Friday, December 10, 2010

WE WANT DEVELOPMENT NOW (DEC 7, 2010)

IT is not in contention that the global scene is characterised by huge disparities in the level of economic and social development and, by extension, varying levels in the standard of living of the people of individual nations.
While a number of factors usually combine to explain such a development, a key factor in this regard has to do with the quantity and quality of resources, including human and material, available to a nation and how and where such resources are exploited and utilised.
There are many nations on the face of this earth that are sitting on huge volumes of natural resources such as oil, gold, diamonds, etc and yet are tagged as poor, under-developed nations, with the standard of living of their people being nothing to write home about.
In recent times, the issue of the use to which we put our resources, including the new oil find, has engaged the attention of the nation, with the term ‘collateralisation’ gaining currency.
Only yesterday, we published on our front page the assertions of the former GIMPA Rector, Professor Stephen Adei, to the effect that collateralisation of the nation’s resources for national development was in the national interest and, therefore, the right thing to do.
We are sad that what should ordinarily have passed for a simple, straightforward issue of using national resources to help accelerate the pace of socio-economic development to promote better and more dignified lives for our people has degenerated into a partisan political matter and is posing a threat to the national interest.
This development particularly arises out of the bid by the government to effect amendments to portions of the Petroleum Bill which currently does not permit the collateralisation of the oil money for development.
It has been pointed out that the amendment being sought is for the collateralisation of a portion of the oil money, that is, about 70 per cent of what is expected to go into the Consolidated Fund, with the remaining 30 per cent going into the Stabilisation and Heritage funds.
One of the reasons advanced to seek to deny or stop the collateralisation of the country’s oil money is that oil is a non-renewable resource and that proceeds from it be largely put in a fund to cater for the needs of the future generations who may otherwise be denied such a benefit.
While it is true that oil is a non-renewable resource which will run out after a time, for which reason funds accruing therefrom must be judiciously utilised, the contention that a Heritage Fund be set up to hold the bulk of the funds for future generations is neither the most rational nor prudent way of utilising this important resource.

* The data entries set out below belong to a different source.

(* For every $n\geq 2$, letting $P_n$ denote the path with $n$ edges (and $n+1$ vertices), ${\rm ML}^{\rm W}(P_n)=0$ if $n=2$; ${\rm ML}^{\rm W}(P_n)=1$ if $n=3$; ${\rm ML}^{\rm W}(P_n)=2$ if $n\in\{4,5\}$; and ${\rm ML}^{\rm W}(P_n)=2n-10$ otherwise.
   Context: A walk of a graph $G$ is a sequence of vertices $u_0u_1\dots u_p$ with $u_tu_{t+1}\in E(G)$ for all $t$ (vertices and edges may repeat); its length is $p$. For a walk $W$ of $G$, $G+W$ is the multigraph on $V(G)$ whose edge multiset consists of $E(G)$ together with each edge added as many times as $W$ traverses it. A multigraph is locally irregular if no two adjacent vertices have the same degree; a walk is irregularising if $G+W$ is locally irregular. ${\rm ML}^{\rm W}(G)$ denotes the minimum length of an irregularising walk of $G$, where the trivial walk consisting of a single vertex (length $0$) is allowed. *)

theory Defs
  imports Main
begin

text \<open>Simple graphs: finite vertex set V and symmetric irreflexive adjacency E on V.
  A walk is a nonempty list of vertices u_0 ... u_p with consecutive vertices adjacent;
  its length is p = length - 1.\<close>

definition is_walk :: "'a set \<Rightarrow> ('a \<Rightarrow> 'a \<Rightarrow> bool) \<Rightarrow> 'a list \<Rightarrow> bool" where
  "is_walk V E w \<longleftrightarrow> w \<noteq> [] \<and> set w \<subseteq> V \<and>
     (\<forall>t. Suc t < length w \<longrightarrow> E (w ! t) (w ! Suc t))"

definition walk_length :: "'a list \<Rightarrow> nat" where
  "walk_length w = length w - 1"

definition deg :: "'a set \<Rightarrow> ('a \<Rightarrow> 'a \<Rightarrow> bool) \<Rightarrow> 'a \<Rightarrow> nat" where
  "deg V E v = card {u \<in> V. E v u}"

text \<open>Number of traversals by the walk w of edges incident to v
  (each traversal of an edge uv adds one copy of uv in G+W).\<close>
definition walk_incidences :: "'a list \<Rightarrow> 'a \<Rightarrow> nat" where
  "walk_incidences w v = card {t. Suc t < length w \<and> (w ! t = v \<or> w ! Suc t = v)}"

definition deg_plus :: "'a set \<Rightarrow> ('a \<Rightarrow> 'a \<Rightarrow> bool) \<Rightarrow> 'a list \<Rightarrow> 'a \<Rightarrow> nat" where
  "deg_plus V E w v = deg V E v + walk_incidences w v"
lemma DU_eq_integral:
  assumes cont: "continuous_on UNIV \<beta>" "continuous_on UNIV d"
    and lip: "L-lipschitz_on UNIV (win_prob \<beta>)"
    and "countable S"
    and deriv: "\<And>x. x \<in> {0..1} - S \<Longrightarrow> (win_prob \<beta> has_real_derivative g x) (at (\<beta> x))"
    and [measurable]: "g \<in> borel_measurable borel"
  shows "DU \<beta> d = (LBINT x:{0..1}. d x * ((x - \<beta> x) * g x - win_prob \<beta> (\<beta> x)))"
proof -
  let ?G = "win_prob \<beta>"
  let ?q = "\<lambda>\<epsilon> x. (x - \<beta> x) * ((?G (\<beta> x + \<epsilon> * d x) - ?G (\<beta> x)) / \<epsilon>) - d x * ?G (\<beta> x + \<epsilon> * d x)"
  have contG: "continuous_on UNIV ?G"
    using lip by (rule lipschitz_on_continuous_on)
  have meas [measurable]: "\<beta> \<in> borel_measurable borel" "d \<in> borel_measurable borel" "?G \<in> borel_measurable borel"
    using contG cont by (auto intro: borel_measurable_continuous_onI)
  obtain B where B: "\<And>x. x \<in> {0..1} \<Longrightarrow> \<bar>\<beta> x\<bar> \<le> B"
    by (rule continuous_on_compact_bound[OF compact_Icc[of 0 1] continuous_on_subset[OF cont(1) subset_UNIV]]) auto
  obtain E where E: "\<And>x. x \<in> {0..1} \<Longrightarrow> \<bar>d x\<bar> \<le> E"
    by (rule continuous_on_compact_bound[OF compact_Icc[of 0 1] continuous_on_subset[OF cont(2) subset_UNIV]]) auto
  have "AE x in lborel. x \<notin> S"
    by (rule AE_discrete_difference[OF \<open>countable S\<close>]) auto
  then have lim: "AE x in lborel. ((\<lambda>\<epsilon>. indicator {0..1} x * ?q \<epsilon> x) \<longlongrightarrow>
                     indicator {0..1} x * (d x * ((x - \<beta> x) * g x - ?G (\<beta> x)))) (at 0)"
  proof eventually_elim
    case (elim x)
    show ?case
    proof (cases "x \<in> {0..1}")
      case True
      then show ?thesis
        using elim by (intro tendsto_mult_left tendsto_perturbed_integrand deriv) auto
    qed simp
  qed
  have G_le_1: "\<bar>?G v\<bar> \<le> 1" for v
    using win_prob_bounds[OF meas(1), of v] by simp
  have bound: "\<bar>indicator {0..1} x * ?q \<epsilon> x\<bar> \<le> indicator {0..1} x * ((1 + B) * (L * E) + E * 1)" for \<epsilon> x
  proof (cases "x \<in> {0..1}")
    case True
    then have "\<bar>?q \<epsilon> x\<bar> \<le> (1 + B) * (L * E) + E * 1"
      using B[OF True] E[OF True] by (intro perturbed_integrand_bound[OF lip G_le_1]) auto
    with True show ?thesis by simp
  qed simp
  have "((\<lambda>\<epsilon>. LBINT x:{0..1}. ?q \<epsilon> x) \<longlongrightarrow> (LBINT x:{0..1}. d x * ((x - \<beta> x) * g x - ?G (\<beta> x)))) (at 0)"
    unfolding set_lebesgue_integral_def real_scaleR_def
    by (rule integral_dominated_convergence_at[OF _ _ _ lim,
          where w="\<lambda>x. indicator {0..1} x * ((1 + B) * (L * E) + E * 1)"])
       (use bound in auto)
  moreover have "\<forall>\<^sub>F \<epsilon> in at 0. (LBINT x:{0..1}. ?q \<epsilon> x) = (U (\<lambda>x. \<beta> x + \<epsilon> * d x) \<beta> - U \<beta> \<beta>) / \<epsilon>"
    unfolding eventually_at_filter using U_perturbed_diff_quotient[OF cont contG] by simp
  ultimately show ?thesis
    unfolding DU_def by (intro tendsto_Lim) (auto dest: tendsto_cong[THEN iffD1, rotated])
qed
lemma orth_proj_unique:
  fixes X :: "'a::real_inner set"
  assumes "subspace X" "y \<in> X" "\<forall>w\<in>X. inner (v - y) w = 0"
    "y' \<in> X" "\<forall>w\<in>X. inner (v - y') w = 0"
  shows "y = y'"
proof -
  have "y - y' \<in> X" using assms by (simp add: subspace_diff)
  then have "inner (v - y') (y - y') - inner (v - y) (y - y') = 0" using assms by simp
  then have "inner (y - y') (y - y') = 0" by (simp add: inner_diff_left inner_diff_right)
  then show ?thesis by simp
qed

lemma orth_proj_span:
  fixes S :: "'a::real_inner set"
  assumes "finite S"
  shows "orth_proj (span S) v \<in> span S \<and> (\<forall>w\<in>span S. inner (v - orth_proj (span S) v) w = 0)"
  unfolding orth_proj_def
proof (rule theI')
  show "\<exists>!y. y \<in> span S \<and> (\<forall>w\<in>span S. inner (v - y) w = 0)"
    using orthogonal_decomp_span_exists[OF assms] orth_proj_unique[OF subspace_span] by blast
qed

lemma orth_proj_span_in_span: "finite S \<Longrightarrow> orth_proj (span S) v \<in> span S"
  using orth_proj_span by blast

lemma orth_proj_span_orthogonal:
  "finite S \<Longrightarrow> w \<in> span S \<Longrightarrow> inner (v - orth_proj (span S) v) w = 0"
  using orth_proj_span by blast

lemma norm_orth_proj_span_residual_le:
  assumes "finite S" "x \<in> span S"
  shows "norm (v - orth_proj (span S) v) \<le> norm (v - x)"
proof -
  let ?p = "orth_proj (span S) v"
  have "?p - x \<in> span S" using assms orth_proj_span_in_span span_diff by blast
  then have "orthogonal (v - ?p) (?p - x)"
    using orth_proj_span_orthogonal[OF assms(1)] by (simp add: orthogonal_def)
  then have "(norm (v - x))\<^sup>2 = (norm (v - ?p))\<^sup>2 + (norm (?p - x))\<^sup>2"
    using norm_add_Pythagorean[of "v - ?p" "?p - x"] by simp
  then have "(norm (v - ?p))\<^sup>2 \<le> (norm (v - x))\<^sup>2" by simp
  then show ?thesis by (rule power2_le_imp_le) simp
qed

lemma norm_orth_proj_span_residual_le_norm:
  "finite S \<Longrightarrow> norm (v - orth_proj (span S) v) \<le> norm v"
  using norm_orth_proj_span_residual_le[OF _ span_zero, of S v] by simp

lemma inner_orth_proj_span_residual_commute:
  assumes "finite S"
  shows "inner (v - orth_proj (span S) v) w = inner v (w - orth_proj (span S) w)"
proof -
  let ?P = "orth_proj (span S)"
  have "inner (v - ?P v) (?P w) = 0" "inner (w - ?P w) (?P v) = 0"
    using assms orth_proj_span_in_span orth_proj_span_orthogonal by blast+
  then have "inner (v - ?P v) w = inner (v - ?P v) (w - ?P w)"
    and "inner (v - ?P v) (w - ?P w) = inner v (w - ?P w)"
    by (simp_all add: inner_diff_right inner_diff_left inner_commute)
  then show ?thesis by simp
qed
(* Let $m,n,c$ be positive integers such that $c\equiv0\pmod4$, $m\equiv n\equiv1\pmod4$, and $m,n\geqslant9$. Then there exists an $\mathrm{IHS}(m,n;c)$.
   Context: An integer Heffter array set $\mathrm{IHS}(m,n;c)$ is a collection of $c$ completely filled $m\times n$ arrays with integer entries such that the absolute values of all $mnc$ entries (taken over all $c$ arrays) are exactly $1,2,\ldots,mnc$, each occurring exactly once, and in every array the entries of each row and of each column sum to $0$. *)

theory Defs
  imports Main
begin

definition IHS :: "nat \<Rightarrow> nat \<Rightarrow> nat \<Rightarrow> (nat \<Rightarrow> nat \<Rightarrow> nat \<Rightarrow> int) \<Rightarrow> bool" where
  "IHS m n c A \<longleftrightarrow>
     bij_betw (\<lambda>(k, i, j). \<bar>A k i j\<bar>) ({..<c} \<times> {..<m} \<times> {..<n}) {1..int (m * n * c)}
   \<and> (\<forall>k<c. \<forall>i<m. (\<Sum>j<n. A k i j) = 0)
   \<and> (\<forall>k<c. \<forall>j<n. (\<Sum>i<m. A k i j) = 0)"

end

(*
  Every array is tiled by blocks: a corner of size 9 or 13 in each direction, strips of width 8
  along the first rows and columns, and 8 x 8 blocks elsewhere.  Each block is a fixed table of
  cells.  A quad cell carries an entry +-(b + v), 1 <= v <= 4, and in every line of a block each
  quad base b occurs with cancelling signs.  A triple cell carries +-(5 P + v), 1 <= v <= 5, where
  the positions P come in triples (P0, P1, P2) with P2 = P0 + P1 + 1, and in every line the three
  members of a triple occur with signs e, e, -e; the resulting defect 5 e is exactly balanced by
  the offsets v.  So every row and column sums to zero whatever the bases are.

  The bases are then chosen to make the magnitudes a permutation of 1..mnc.  With T triples per
  array and s = cT/4, a Skolem sequence of order 4s (pairs a_d, a_d + d partitioning 1..8s) gives
  the triples (g, 4s + a - 1, 4s + a + g), a = a_(g+1), which partition 0..12s-1; so the triple
  cells of all c arrays cover 1..60s = 15cT, and the quad cells cover the rest up to mnc.
*)
theory Submission
  imports Defs
begin

section \<open>Balanced lines\<close>

text \<open>A cell \<open>(t, x, s, v)\<close> stands for the entry \<open>s * (B t x + v)\<close>, where \<open>B\<close> assigns bases to
  the slots: kind \<open>t = 0\<close> are triple slots (slots \<open>3u, 3u + 1, 3u + 2\<close> form the \<open>u\<close>-th triple),
  kind \<open>t = 1\<close> are quad slots.\<close>

type_synonym cell = "nat \<times> nat \<times> int \<times> nat"

definition net_sign :: "cell list \<Rightarrow> nat \<Rightarrow> nat \<Rightarrow> int" where
  "net_sign L t x = (\<Sum>(t', x', s, v) \<leftarrow> L. if t' = t \<and> x' = x then s else 0)"

definition balanced_line :: "nat \<Rightarrow> cell list \<Rightarrow> bool" where
  "balanced_line k L \<longleftrightarrow>
     (\<Sum>(t, x, s, v) \<leftarrow> L. s * int v) = 5 * (\<Sum>u \<leftarrow> [0..<k]. net_sign L 0 (3 * u))
   \<and> (\<forall>u \<in> set [0..<k]. net_sign L 0 (3 * u + 1) = net_sign L 0 (3 * u)
                 \<and> net_sign L 0 (3 * u + 2) = - net_sign L 0 (3 * u))
   \<and> (\<forall>(t, x, s, v) \<in> set L. t = 0 \<and> x < 3 * k \<or> t = 1 \<and> net_sign L 1 x = 0)"

definition cell_value :: "(nat \<Rightarrow> nat \<Rightarrow> nat) \<Rightarrow> cell \<Rightarrow> int" where
  "cell_value B = (\<lambda>(t, x, s, v). s * int (B t x + v))"

lemma sum_list_kind_eq_sum_net_sign:
  fixes B :: "nat \<Rightarrow> int"
  assumes "finite X" and "\<forall>(t, x, s, v) \<in> set L. t = t0 \<longrightarrow> x \<in> X"
  shows "(\<Sum>(t, x, s, v) \<leftarrow> L. if t = t0 then s * B x else 0) = (\<Sum>x\<in>X. B x * net_sign L t0 x)"
  using assms(2)
proof (induction L)
  case Nil
  show ?case by (simp add: net_sign_def)
next
  case (Cons e L)
  obtain t x s v where e: "e = (t, x, s, v)" by (cases e)
  have "(\<Sum>y\<in>X. B y * net_sign (e # L) t0 y)
      = (\<Sum>y\<in>X. if t = t0 \<and> x = y then s * B y else 0) + (\<Sum>y\<in>X. B y * net_sign L t0 y)"
    by (simp add: e net_sign_def distrib_left sum.distrib mult.commute if_distrib[of "(*) _"] cong: if_cong)
  also have "(\<Sum>y\<in>X. if t = t0 \<and> x = y then s * B y else 0) = (if t = t0 then s * B x else 0)"
    using Cons.prems assms(1) by (auto simp: e)
  finally show ?case
    using Cons by (simp add: e)
qed

lemma balanced_line_sum_eq_0:
  assumes "balanced_line k L"
    and triple: "\<And>u. B 0 (3 * u + 2) = B 0 (3 * u) + B 0 (3 * u + 1) + 5"
  shows "(\<Sum>e \<leftarrow> L. cell_value B e) = 0"
proof -
  let ?net = "net_sign L"
  have offsets: "(\<Sum>(t, x, s, v) \<leftarrow> L. s * int v) = 5 * (\<Sum>u<k. ?net 0 (3 * u))"
    and signs: "\<And>u. u < k \<Longrightarrow> ?net 0 (3 * u + 1) = ?net 0 (3 * u) \<and> ?net 0 (3 * u + 2) = - ?net 0 (3 * u)"
    and kinds: "\<forall>(t, x, s, v) \<in> set L. t = 0 \<and> x < 3 * k \<or> t = 1 \<and> ?net 1 x = 0"
    using assms(1) unfolding balanced_line_def
    by (auto simp: interv_sum_list_conv_sum_set_nat atLeast0LessThan)
  define Q where "Q = {x. \<exists>s v. (1, x, s, v) \<in> set L}"
  have "finite Q"
    by (rule finite_subset[of _ "(\<lambda>(t, x, s, v). x) ` set L"]) (force simp: Q_def)+
  have "(\<Sum>e \<leftarrow> L. cell_value B e) = (\<Sum>(t, x, s, v) \<leftarrow> L. s * int v)
      + (\<Sum>(t, x, s, v) \<leftarrow> L. if t = 0 then s * int (B 0 x) else 0)
      + (\<Sum>(t, x, s, v) \<leftarrow> L. if t = 1 then s * int (B 1 x) else 0)"
  proof -
    have "\<forall>(t, x, s, v) \<in> set L. t = 0 \<or> t = 1" using kinds by auto
    then show ?thesis by (induction L) (auto simp: cell_value_def algebra_simps)
  qed
  also have "(\<Sum>(t, x, s, v) \<leftarrow> L. if t = 0 then s * int (B 0 x) else 0)
      = (\<Sum>x<3 * k. int (B 0 x) * ?net 0 x)"
    by (rule sum_list_kind_eq_sum_net_sign) (use kinds in auto)
  also have "\<dots> = (\<Sum>u<k. - 5 * ?net 0 (3 * u))"
    unfolding sum.nat_group[of _ 3 k, symmetric, simplified mult.commute[of _ 3]]
  proof (rule sum.cong)
    fix u assume "u \<in> {..<k}"
    with signs triple[of u] show "(\<Sum>x\<in>{3 * u..<3 * u + 3}. int (B 0 x) * ?net 0 x) = - 5 * ?net 0 (3 * u)"
      by (simp add: numeral_eq_Suc algebra_simps)
  qed simp
  also have "(\<Sum>(t, x, s, v) \<leftarrow> L. if t = 1 then s * int (B 1 x) else 0) = (\<Sum>x\<in>Q. int (B 1 x) * ?net 1 x)"
    by (rule sum_list_kind_eq_sum_net_sign[OF \<open>finite Q\<close>]) (auto simp: Q_def)
  also have "\<dots> = 0"
    using kinds by (auto simp: Q_def intro!: sum.neutral)
  finally show ?thesis
    using offsets by (simp add: sum_negf sum_distrib_left)
qed

lemma sum_balanced_line_eq_0:
  assumes "balanced_line k L" and "length L = N" and "\<And>y. y < N \<Longrightarrow> f y = cell_value B (L ! y)"
    and "\<And>u. B 0 (3 * u + 2) = B 0 (3 * u) + B 0 (3 * u + 1) + 5"
  shows "(\<Sum>y<N. f y) = 0"
proof -
  have "(\<Sum>y<N. f y) = (\<Sum>e \<leftarrow> L. cell_value B e)"
    using assms(2,3) by (simp add: sum_list_sum_nth atLeast0LessThan)
  also have "\<dots> = 0" using assms(1,4) by (rule balanced_line_sum_eq_0)
  finally show ?thesis .
qed

section \<open>A Skolem sequence and the triple positions\<close>

text \<open>A Skolem sequence of order \<open>4 s\<close> for \<open>s \<ge> 2\<close>: position \<open>x \<in> {1..8 s}\<close> holds \<open>(d, j)\<close> when it
  is the first (\<open>j = 0\<close>) or second (\<open>j = 1\<close>) occurrence of \<open>d\<close>; the two occurrences of \<open>d\<close> are
  \<open>d\<close> apart, and \<open>skolem_first s d\<close> is the first one.\<close>

definition skolem :: "nat \<Rightarrow> nat \<Rightarrow> nat \<times> nat" where
  "skolem s x =
    (if x \<le> s - 1 then (4*s - 1 - 2*x, 0)
     else if x = s then (1, 0)
     else if x = s + 1 then (1, 1)
     else if x \<le> 2*s - 1 then (4*s + 1 - 2*x, 0)
     else if x = 2*s then (2*s - 1, 0)
     else if x = 2*s + 1 then (4*s - 1, 0)
     else if x \<le> 3*s - 1 then (2*x - 4*s - 1, 1)
     else if x \<le> 4*s - 2 then (2*x - 4*s + 1, 1)
     else if x = 4*s - 1 then (2*s - 1, 1)
     else if x \<le> 6*s - 1 then (12*s - 2*x, 0)
     else if x = 6*s then (4*s - 1, 1)
     else (2*x - 12*s, 1))"

definition skolem_first :: "nat \<Rightarrow> nat \<Rightarrow> nat" where
  "skolem_first s d =
    (if even d then 6*s - d div 2
     else if d div 2 = 0 then s
     else if d div 2 \<le> s - 2 then 2*s - d div 2
     else if d div 2 = s - 1 then 2*s
     else if d div 2 \<le> 2*s - 2 then 2*s - 1 - d div 2
     else 2*s + 1)"

lemma skolem_eqs:
  assumes "2 \<le> s"
  shows "x \<le> s - 1 \<Longrightarrow> 2 * x + d + 1 = 4 * s \<Longrightarrow> skolem s x = (d, 0)"
    and "skolem s s = (1, 0)"
    and "skolem s (s + 1) = (1, 1)"
    and "s + 2 \<le> x \<Longrightarrow> x \<le> 2 * s - 1 \<Longrightarrow> 2 * x + d = 4 * s + 1 \<Longrightarrow> skolem s x = (d, 0)"
    and "skolem s (2 * s) = (2 * s - 1, 0)"
    and "skolem s (2 * s + 1) = (4 * s - 1, 0)"
    and "2 * s + 2 \<le> x \<Longrightarrow> x \<le> 3 * s - 1 \<Longrightarrow> d + 4 * s + 1 = 2 * x \<Longrightarrow> skolem s x = (d, 1)"
    and "3 * s \<le> x \<Longrightarrow> x \<le> 4 * s - 2 \<Longrightarrow> d + 4 * s = 2 * x + 1 \<Longrightarrow> skolem s x = (d, 1)"
    and "skolem s (4 * s - 1) = (2 * s - 1, 1)"
    and "4 * s \<le> x \<Longrightarrow> x \<le> 6 * s - 1 \<Longrightarrow> 2 * x + d = 12 * s \<Longrightarrow> skolem s x = (d, 0)"
    and "skolem s (6 * s) = (4 * s - 1, 1)"
    and "6 * s + 1 \<le> x \<Longrightarrow> d + 12 * s = 2 * x \<Longrightarrow> skolem s x = (d, 1)"
  using assms unfolding skolem_def
  by (((subst if_not_P, linarith)+)?, (simp; (arith)?))+

lemma skolem_first_eqs:
  assumes "2 \<le> s"
  shows "d = 2 * e \<Longrightarrow> skolem_first s d = 6 * s - e"
    and "d = 2 * e + 1 \<Longrightarrow> e = 0 \<Longrightarrow> skolem_first s d = s"
    and "d = 2 * e + 1 \<Longrightarrow> 1 \<le> e \<Longrightarrow> e \<le> s - 2 \<Longrightarrow> skolem_first s d = 2 * s - e"
    and "d = 2 * e + 1 \<Longrightarrow> e = s - 1 \<Longrightarrow> skolem_first s d = 2 * s"
    and "d = 2 * e + 1 \<Longrightarrow> s \<le> e \<Longrightarrow> e \<le> 2 * s - 2 \<Longrightarrow> skolem_first s d = 2 * s - 1 - e"
    and "d = 2 * e + 1 \<Longrightarrow> e = 2 * s - 1 \<Longrightarrow> skolem_first s d = 2 * s + 1"
  using assms unfolding skolem_first_def
  by (((subst if_not_P, (simp; linarith))+)?, simp)+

No one with a dispassionate and patriotic mind who has a true feel of the nation’s socio-economic developmental challenges will deny even for a moment that the country needs all the resources it can gather now to push for an accelerated infrastructural facelift to help improve the lives of our people.
It is common knowledge that millions of our people, especially those in the rural areas such as Otwebeweate in the Eastern Region and Asakai in the Western Region are condemned to drinking contaminated water infected with all sorts of parasites, pregnant and sick people being carried on poles for many kilometres in order to seek medical care, children, even in those urban centres, still learning to read and write under trees, of tens of thousands of people having no place to lay their heads and forced to sleep on the streets.
How can the government, in the face of these monumental challenges, stay away from using whatever natural resources it can get to accelerate the pace of infrastructural development in order to ameliorate the suffering of our people?
The state and the government have a bounden duty to secure the well-being of the people and whatever resources are available must be used now to answer the pressing needs.
It begs the argument to contend that if roads, bridges, railways, hospitals, schools, etc are built with oil money and other resources, collateralised or otherwise, it will only serve the interests of the current generation and not those yet unborn.
We are already late in building our infrastructure and need no further waste of time.
The time for accelerated infrastructural development is now, collateralisation or not.